For once, I was a woman in a body most people approved of. High on, "Wow, you look great!" and the novelty of my own reflection in the mirror, my demons — shame and addiction — took a little vacation.

But people got used to seeing me in a size 6, and the novelty of being slim wore thin. I was high on being skinny, but I was building a tolerance. Over time, the smiles from strangers felt less magical.

Shame — the idea that there's something wrong with me — came home, strong as ever.
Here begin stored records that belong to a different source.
lemma feval_conj_word:
  "c \<noteq> 0 \<Longrightarrow> feval (c^2) (conj_word ms) = middle_mat c ms \<star> upper (-1) \<star> madj (middle_mat c ms)"
proof (induction ms)
  case Nil
  then show ?case
    using invol_conj_syllable[OF Nil, of True "-1"]
    by (simp add: conj_word_def conj_centre_def middle_mat_Nil feval_single syllable_def)
next
  case (Cons m ms)
  have "conj_word (m # ms) = map swap_syllable ([(True, m)] @ conj_word ms @ [(True, - m)])"
    by (simp add: conj_word_def conj_centre_Cons winv_map_swap_syllable winv_Cons)
  then have "feval (c^2) (conj_word (m # ms)) =
      invol c \<star> feval (c^2) ([(True, m)] @ conj_word ms @ [(True, - m)]) \<star> madj (invol c)"
    using invol_conj_feval[OF Cons.prems] by simp
  also have "\<dots> = invol c \<star> (upper (of_int m) \<star> feval (c^2) (conj_word ms) \<star> upper (- of_int m)) \<star> madj (invol c)"
    by (simp only: feval_append feval_single syllable_def if_True of_int_minus mmul_assoc)
  also have "\<dots> = middle_mat c (m # ms) \<star> upper (-1) \<star> madj (middle_mat c (m # ms))"
    using Cons by (simp add: middle_mat_Cons madj_mmul mmul_assoc)
  finally show ?case .
qed

definition subst_syllable :: "int list \<Rightarrow> bool \<times> int \<Rightarrow> (bool \<times> int) list" where
  "subst_syllable ms a = (if fst a then [a] else
     conj_prefix ms @ [(fst (conj_centre ms), snd (conj_centre ms) * snd a)] @ winv (conj_prefix ms))"

definition subst_word :: "int list \<Rightarrow> (bool \<times> int) list \<Rightarrow> (bool \<times> int) list" where
  "subst_word ms v = concat (map (subst_syllable ms) v)"

lemma subst_word_Nil [simp]: "subst_word ms [] = []"
  and subst_word_Cons: "subst_word ms (a # v) = subst_syllable ms a @ subst_word ms v"
  by (simp_all add: subst_word_def)

definition uconj :: "complex \<Rightarrow> mat2 \<Rightarrow> mat2" where
  "uconj t M = upper t \<star> M \<star> upper (- t)"

lemma uconj_mmul: "uconj t (x \<star> y) = uconj t x \<star> uconj t y"
  using conj_mmul[of "upper t" x y] by (simp add: uconj_def)

lemma uconj_uconj [simp]: "uconj s (uconj t M) = uconj (s + t) M"
  by (simp add: uconj_def flip: mmul_assoc) (simp add: mmul_assoc add.commute)

lemma uconj_0 [simp]: "uconj 0 M = M"
  by (simp add: uconj_def upper_def mI_def[symmetric])

lemma psl_eq_uconj: "psl_eq x y \<Longrightarrow> psl_eq (uconj t x) (uconj t y)"
  by (auto simp: psl_eq_def uconj_def)

lemma uconj_feval_subst_word:
  assumes B: "uconj t (genB \<delta>') = feval \<delta> (conj_word ms)"
  shows "uconj t (feval \<delta>' v) = feval \<delta> (subst_word ms v)"
proof (induction v)
  case (Cons a v)
  have "uconj t (syllable \<delta>' (fst a) (snd a)) = feval \<delta> (subst_syllable ms a)"
  proof (cases "fst a")
    case True
    then show ?thesis by (cases a) (simp add: uconj_def syllable_def subst_syllable_def feval_single)
  next
    case False
    let ?P = "feval \<delta> (conj_prefix ms)"
    have "uconj t (syllable \<delta>' (fst a) (snd a)) = mpowi (uconj t (genB \<delta>')) (snd a)"
      using False mpowi_conj[of "upper t" "genB \<delta>'" "snd a"]
      by (simp add: syllable_def mpowi_genB uconj_def)
    also have "\<dots> = mpowi (?P \<star> syllable \<delta> (fst (conj_centre ms)) (snd (conj_centre ms)) \<star> madj ?P) (snd a)"
      using B by (simp add: conj_word_def feval_append feval_Cons feval_winv mmul_assoc)
    also have "\<dots> = ?P \<star> syllable \<delta> (fst (conj_centre ms)) (snd a * snd (conj_centre ms)) \<star> madj ?P"
      by (simp add: mpowi_conj mpowi_syllable)
    also have "\<dots> = feval \<delta> (subst_syllable ms a)"
      using False
      by (simp add: subst_syllable_def feval_append feval_Cons feval_winv mmul_assoc mult.commute)
    finally show ?thesis .
  qed
  with Cons show ?case by (simp add: feval_Cons subst_word_Cons feval_append uconj_mmul)
qed (simp add: uconj_def)

locale good_middle =
  fixes ms :: "int list"
  assumes ms_ne: "ms \<noteq> []" and ms_nonzero: "0 \<notin> set ms"
begin

lemma conj_prefix_shape:
  "reduced (conj_prefix ms)" "conj_prefix ms \<noteq> []" "\<not> fst (hd (conj_prefix ms))"
  "fst (last (conj_prefix ms)) \<noteq> fst (conj_centre ms)"
proof -
  have "0 \<notin> set ns \<Longrightarrow> reduced (conj_prefix ns) \<and>
      (ns \<noteq> [] \<longrightarrow> \<not> fst (hd (conj_prefix ns)) \<and> fst (last (conj_prefix ns)) \<noteq> fst (conj_centre ns))"
    for ns
  proof (induction ns)
    case (Cons m ns)
    have "reduced ((True, m) # conj_prefix ns)"
      using Cons by (cases ns) (auto simp: reduced_Cons)
    then have "reduced (conj_prefix (m # ns))"
      by (simp only: conj_prefix.simps reduced_map_swap_syllable)
    moreover have "fst (last (conj_prefix (m # ns))) \<noteq> fst (conj_centre (m # ns))"
      using Cons by (cases ns) (auto simp: last_map conj_centre_Cons conj_centre_def)
    ultimately show ?case by simp
  qed simp
  then show "reduced (conj_prefix ms)" "\<not> fst (hd (conj_prefix ms))"
    "fst (last (conj_prefix ms)) \<noteq> fst (conj_centre ms)"
    using ms_ne ms_nonzero by auto
  show "conj_prefix ms \<noteq> []" using ms_ne by (cases ms) auto
qed

lemma subst_syllable_ne: "subst_syllable ms a \<noteq> []"
  by (simp add: subst_syllable_def)

lemma subst_syllable_ends:
  "fst (hd (subst_syllable ms a)) = fst a" "fst (last (subst_syllable ms a)) = fst a"
  using conj_prefix_shape by (auto simp: subst_syllable_def last_winv)

lemma reduced_subst_syllable: "snd a \<noteq> 0 \<Longrightarrow> reduced (subst_syllable ms a)"
  using conj_prefix_shape reduced_winv[of "conj_prefix ms"] hd_winv[of "conj_prefix ms"]
  by (auto simp: subst_syllable_def conj_centre_def reduced_Cons intro!: reduced_append)

lemma conj_word_eq: "conj_word ms = subst_syllable ms (False, 1)"
  by (simp add: conj_word_def subst_syllable_def)

lemma subst_word_eq_Nil_iff: "subst_word ms v = [] \<longleftrightarrow> v = []"
  by (cases v) (simp_all add: subst_word_Cons subst_syllable_ne)

lemma reduced_subst_word: "reduced v \<Longrightarrow> reduced (subst_word ms v)"
proof (induction v)
  case (Cons a v)
  have a: "snd a \<noteq> 0" "reduced v" "v \<noteq> [] \<Longrightarrow> fst a \<noteq> fst (hd v)"
    using Cons.prems by (simp_all add: reduced_Cons)
  have "v \<noteq> [] \<Longrightarrow> fst (hd (subst_word ms v)) = fst (hd v)"
    by (cases v) (simp_all add: subst_word_Cons subst_syllable_ne subst_syllable_ends)
  then show ?case unfolding subst_word_Cons
    using a Cons.IH subst_syllable_ends reduced_subst_syllable subst_word_eq_Nil_iff
    by (intro reduced_append) auto
qed simp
I looked in the mirror and found new flaws. I'm so fat was out; I'm so flabby was in. My boobs are ugly was out; I'm built like a 9-year-old boy was in. Everything will be better when I'm thin was out; I'm screwed and I'll never be OK was in.

If you're like me, unchecked shame overshadows everything. And if you're like me, finding quick and easy distractions from that cripplingly painful self-consciousness isn't so much a goal as it is a lifestyle.

Pain begs relief, and ever since I was little I was desperate to feel better, to feel less, to feel different. Depending on the year, I've built whole lives around the things that brought relief — drinking, smoking, and certain foods and ways of eating. I don't "do;" I overdo.

I always felt like hell the next day. I'd wake up hungover, dry-mouthed, bloated and depressed, thinking, What the hell is wrong with me? Of course, then I'd spend the rest of the day trying to feel better, to feel less, to feel different.

So there I was, finally thin after a lifetime of being all the things women get to be when we aren't thin and pretty. I'd lost the weight, but I hadn't dealt with the shame. I'd lost the weight, but I was still just as trapped in addiction.

It turns out I was just as capable of calling myself a dumbass waste-of-space thin as I was when I was fat, and just as desperate to feel better, and less, and different.

So I slammed cake, ice cream, bagels, and chocolate until my little pouch screamed for mercy. I drank like a biker even though my body wasn't big enough to hold that much alcohol anymore.

I knew I was damaging myself. I tried to stop. I tried to eat one cookie. I tried to drink one beer. I tried to smoke only when I drank. I tried to be my idea of normal. But, eventually, all my "just ones," all my efforts at normalcy ended in reckless, careless insanity.

There are people who can moderate. No, really, I've met them. That I should be that person is an thought based in shame — the idea that there's something wrong with me as I am.

Years ago I accepted that I'm not middle-of-the-road on anything. I accepted that, for me, abstinence around things like booze, smokes and certain foods is one key to good health, to self-empowerment, and to love.

Since then, I've learned way more effective ways of making myself feel better. And because this whole taking-good-care-of-me thing doesn't come naturally, I teach people all over the world how to do it, too. Every time I teach someone like me how to accept and love themselves as they are, I get better at it.

In my case, obesity was a symptom, and not the problem itself. I wish someone had told me before I had gastric bypass surgery that my real issues were shame and addiction.

Getting thin wasn't my solution; it was what made me miserable enough to finally get well.